*** EXERCISE MATERIAL ***

lemma focused_at_extend:
  assumes zero: "\<forall>q\<in>P. poly q 0 = 0" and p: "p \<in> P" "p \<noteq> 0"
    and focused: "focused_at P p \<chi> b e s"
    and fresh: "\<forall>i<s. \<chi> (b + poly p (e i)) \<noteq> \<chi> b"
    and shifted: "\<And>q y. q \<in> P \<Longrightarrow> q \<noteq> 0 \<Longrightarrow> y = 0 \<or> y \<in> e ` {..<s} \<Longrightarrow>
      \<chi> (b - poly p d + poly q (y + d)) = \<chi> (b + poly q y)"
  shows "focused_at P p \<chi> (b - poly p d) (\<lambda>i. if i < s then e i + d else d) (Suc s)"
proof -
  define c where "c i = (if i < s then \<chi> (b + poly p (e i)) else \<chi> b)" for i
  have colour: "\<chi> (b - poly p d + poly q (if i < s then e i + d else d)) = c i"
    if "i < Suc s" "q \<in> P" "q \<noteq> 0" for i q
  proof (cases "i < s")
    case True
    then show ?thesis
      using shifted[of q "e i"] focused that(2,3) by (simp add: c_def focused_at_def)
  next
    case False
    then show ?thesis
      using shifted[of q 0] zero that(2,3) by (simp add: c_def)
  qed
  have "inj_on c {..<s} \<longleftrightarrow> inj_on (\<lambda>i. \<chi> (b + poly p (e i))) {..<s}"
    by (rule inj_on_cong) (simp add: c_def)
  then have "inj_on c {..<s}"
    using focused unfolding focused_at_def by blast
  moreover have "c s \<notin> c ` {..<s}"
    using fresh by (auto simp: c_def)
  ultimately have "inj_on c {..<Suc s}"
    by (simp add: lessThan_Suc)
  moreover have "inj_on c {..<Suc s} \<longleftrightarrow>
      inj_on (\<lambda>i. \<chi> (b - poly p d + poly p (if i < s then e i + d else d))) {..<Suc s}"
    using colour p by (intro inj_on_cong) auto
  ultimately show ?thesis
    unfolding focused_at_def using colour p by simp
qed

definition window_colour :: "int \<Rightarrow> (int \<Rightarrow> 'c::countable) \<Rightarrow> int \<Rightarrow> nat" where
  "window_colour W \<chi> t = to_nat (map (\<lambda>j. \<chi> (t + j)) [-W..W])"

lemma window_colour_eqD:
  assumes "window_colour W \<chi> s = window_colour W \<chi> t" "\<bar>j\<bar> \<le> W"
  shows "\<chi> (s + j) = \<chi> (t + j)"
proof -
  have "map (\<lambda>j. \<chi> (s + j)) [-W..W] = map (\<lambda>j. \<chi> (t + j)) [-W..W]"
    using assms(1) by (simp add: window_colour_def)
  moreover have "j \<in> set [-W..W]"
    using assms(2) by auto
  ultimately show ?thesis
    by (simp add: map_eq_conv)
qed

lemma window_colour_palette:
  fixes F :: "'c::countable set"
  assumes "finite F"
  obtains F' where "finite F'" "\<And>\<chi>. range \<chi> \<subseteq> F \<Longrightarrow> range (window_colour W \<chi>) \<subseteq> F'"
proof
  let ?F' = "to_nat ` {xs. set xs \<subseteq> F \<and> length xs = length [-W..W]}"
  show "finite ?F'"
    using assms by (intro finite_imageI finite_lists_length_eq)
  show "range (window_colour W \<chi>) \<subseteq> ?F'" if "range \<chi> \<subseteq> F" for \<chi>
    unfolding window_colour_def
  proof (intro image_subsetI imageI CollectI conjI)
    show "set (map (\<lambda>j. \<chi> (t + j)) [-W..W]) \<subseteq> F" for t
      using that by auto
  qed simp
qed

lemma abs_poly_bounded_on_finite:
  fixes P :: "'a::linordered_idom poly set"
  assumes "finite P" "finite Y"
  obtains B where "0 \<le> B" "\<And>q y. q \<in> P \<Longrightarrow> y \<in> Y \<Longrightarrow> \<bar>poly q y\<bar> \<le> B"
proof
  let ?B = "\<Sum>(q, y) \<in> P \<times> Y. \<bar>poly q y\<bar>"
  show "0 \<le> ?B"
    by (intro sum_nonneg) auto
  show "\<bar>poly q y\<bar> \<le> ?B" if "q \<in> P" "y \<in> Y" for q y
    using member_le_sum[of "(q, y)" "P \<times> Y" "\<lambda>(q, y). \<bar>poly q y\<bar>"] that assms by auto
qed

lemma window_colour_repeat_shift:
  assumes "window_colour W \<chi> (t + poly (pet_difference p q y) d) = window_colour W \<chi> t"
    and "\<bar>a + poly q y\<bar> \<le> W"
  shows "\<chi> (a + t - poly p d + poly q (y + d)) = \<chi> (a + t + poly q y)"
proof -
  have "\<chi> (t + poly (pet_difference p q y) d + (a + poly q y)) = \<chi> (t + (a + poly q y))"
    using assms by (rule window_colour_eqD)
  moreover have "t + poly (pet_difference p q y) d + (a + poly q y) = a + t - poly p d + poly q (y + d)"
    by simp
  moreover have "t + (a + poly q y) = a + t + poly q y"
    by simp
  ultimately show ?thesis
    by metis
qed

lemma focused_config_grow:
  assumes zero: "\<forall>q\<in>P. poly q 0 = 0" and p: "p \<in> P" "p \<noteq> 0"
    and focused: "focused_at P p \<chi> b e s"
    and e: "\<And>i. i < s \<Longrightarrow> L \<le> e i \<and> e i \<le> Ns" and "0 \<le> L" "0 \<le> Ns"
    and shifted: "\<And>q y. q \<in> P \<Longrightarrow> q \<noteq> 0 \<Longrightarrow> y \<in> {0..Ns} \<Longrightarrow>
      \<chi> (b - poly p d + poly q (y + d)) = \<chi> (b + poly q y)"
    and bounds: "\<bar>b\<bar> \<le> N" "\<bar>b - poly p d\<bar> \<le> N" "L \<le> d" "Ns + d \<le> N"
  shows "has_mono_config P L N \<chi> \<or> focused_config P p L N \<chi> (Suc s)"
proof (cases "\<exists>i<s. \<chi> (b + poly p (e i)) = \<chi> b")
  case True
  then obtain i where i: "i < s" "\<chi> (b + poly p (e i)) = \<chi> b"
    by blast
  have "\<chi> (b + poly q (e i)) = \<chi> b" if "q \<in> P" for q
    using focused i that unfolding focused_at_def by (cases "q = 0") auto
  moreover have "L \<le> e i" "e i \<le> N"
    using e[OF i(1)] bounds \<open>0 \<le> L\<close> by auto
  ultimately have "has_mono_config P L N \<chi>"
    unfolding has_mono_config_def using bounds(1) by blast
  then show ?thesis ..
next
  case False
  have spokes: "y \<in> {0..Ns}" if "y = 0 \<or> y \<in> e ` {..<s}" for y
    using that e \<open>0 \<le> Ns\<close> \<open>0 \<le> L\<close> by (force intro: order_trans)
  define e' where "e' = (\<lambda>i. if i < s then e i + d else d)"
  have "focused_at P p \<chi> (b - poly p d) e' (Suc s)"
    unfolding e'_def
    by (rule focused_at_extend[OF zero p focused]) (use False shifted spokes in auto)
  moreover have "L \<le> e' i \<and> e' i \<le> N" for i
    using e[of i] bounds \<open>0 \<le> L\<close> \<open>0 \<le> Ns\<close> by (auto simp: e'_def)
  ultimately have "focused_config P p L N \<chi> (Suc s)"
    unfolding focused_config_def using bounds(2) by blast
  then show ?thesis ..
qed

lemma focused_config_Suc:
  fixes F :: "nat set"
  assumes zero: "\<forall>q\<in>P. poly q 0 = 0" and "finite P" and p: "p \<in> P" "p \<noteq> 0"
    and "finite F" "0 \<le> L" "0 \<le> Ns"
    and family: "polynomial_vdW (pet_family P p {0..Ns})"
    and IH: "\<And>\<chi>. range \<chi> \<subseteq> F \<Longrightarrow> has_mono_config P L Ns \<chi> \<or> focused_config P p L Ns \<chi> s"
  obtains N where "0 \<le> N"
    "\<And>\<chi>. range \<chi> \<subseteq> F \<Longrightarrow> has_mono_config P L N \<chi> \<or> focused_config P p L N \<chi> (Suc s)"
proof -
  obtain B where "0 \<le> B" and B: "\<And>q y. q \<in> P \<Longrightarrow> y \<in> {0..Ns} \<Longrightarrow> \<bar>poly q y\<bar> \<le> B"
    using abs_poly_bounded_on_finite[OF \<open>finite P\<close> finite_atLeastAtMost_int] by blast
  define W where "W = Ns + B"
  obtain F' where "finite F'"
    and F': "\<And>\<chi>. range \<chi> \<subseteq> F \<Longrightarrow> range (window_colour W \<chi>) \<subseteq> F'"
    using window_colour_palette[OF \<open>finite F\<close>] by blast
  have "\<forall>L\<ge>0. \<exists>N'\<ge>0. \<forall>\<chi>. range \<chi> \<subseteq> F' \<longrightarrow> has_mono_config (pet_family P p {0..Ns}) L N' \<chi>"
    using family \<open>finite F'\<close> unfolding polynomial_vdW_def by blast
  then obtain N' where "0 \<le> N'"
    and N': "\<And>\<chi>. range \<chi> \<subseteq> F' \<Longrightarrow> has_mono_config (pet_family P p {0..Ns}) L N' \<chi>"
    using \<open>0 \<le> L\<close> by blast
  obtain B' where "0 \<le> B'"
    and B': "\<And>q d. q \<in> {p} \<Longrightarrow> d \<in> {0..N'} \<Longrightarrow> \<bar>poly q d\<bar> \<le> B'"
    using abs_poly_bounded_on_finite[OF finite.insertI[OF finite.emptyI] finite_atLeastAtMost_int]
    by blast
  show ?thesis
  proof (rule that[of "Ns + N' + B'"])
    show "0 \<le> Ns + N' + B'"
      using \<open>0 \<le> Ns\<close> \<open>0 \<le> N'\<close> \<open>0 \<le> B'\<close> by simp
    fix \<chi> :: "int \<Rightarrow> nat" assume \<chi>: "range \<chi> \<subseteq> F"
    obtain t d where t: "\<bar>t\<bar> \<le> N'" and d: "L \<le> d" "d \<le> N'" and repeat:
        "\<And>r. r \<in> pet_family P p {0..Ns} \<Longrightarrow> window_colour W \<chi> (t + poly r d) = window_colour W \<chi> t"
      using N'[OF F'[OF \<chi>]] unfolding has_mono_config_def by blast
    have "range (\<lambda>x. \<chi> (x + t)) \<subseteq> F"
      using \<chi> by auto
    from IH[OF this]
    show "has_mono_config P L (Ns + N' + B') \<chi> \<or> focused_config P p L (Ns + N' + B') \<chi> (Suc s)"
    proof
      assume "has_mono_config P L Ns (\<lambda>x. \<chi> (x + t))"
      from has_mono_config_translate[OF this, of "N' + B'"] show ?thesis
        using t \<open>0 \<le> B'\<close> by (simp add: add.assoc)
    next
      assume "focused_config P p L Ns (\<lambda>x. \<chi> (x + t)) s"
      then obtain a e where a: "\<bar>a\<bar> \<le> Ns" and e: "\<And>i. i < s \<Longrightarrow> L \<le> e i \<and> e i \<le> Ns"
        and focused: "focused_at P p \<chi> (a + t) e s"
        unfolding focused_config_def focused_at_translate by blast
      show ?thesis
      proof (rule focused_config_grow[OF zero p focused e \<open>0 \<le> L\<close> \<open>0 \<le> Ns\<close>])
        fix q y assume q: "q \<in> P" "q \<noteq> 0" and y: "y \<in> {0..Ns}"
        have "pet_difference p q y \<in> pet_family P p {0..Ns}"
          using q y unfolding pet_family_def by blast
        moreover have "\<bar>a + poly q y\<bar> \<le> W"
          using abs_triangle_ineq[of a "poly q y"] a B[OF q(1) y] unfolding W_def by linarith
        ultimately show "\<chi> (a + t - poly p d + poly q (y + d)) = \<chi> (a + t + poly q y)"
          using repeat window_colour_repeat_shift by blast
      next
        show "\<bar>a + t - poly p d\<bar> \<le> Ns + N' + B'"
          using a t B'[of p d] d \<open>0 \<le> L\<close> by auto
      qed (use a t d \<open>0 \<le> B'\<close> in auto)
    qed
  qed
qed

*** End of EXERCISE MATERIAL ***

PROBLEM TO SOLVE.
The answer must be a single number: the count of lines in the entries that include "from".

TASK ANSWER.
2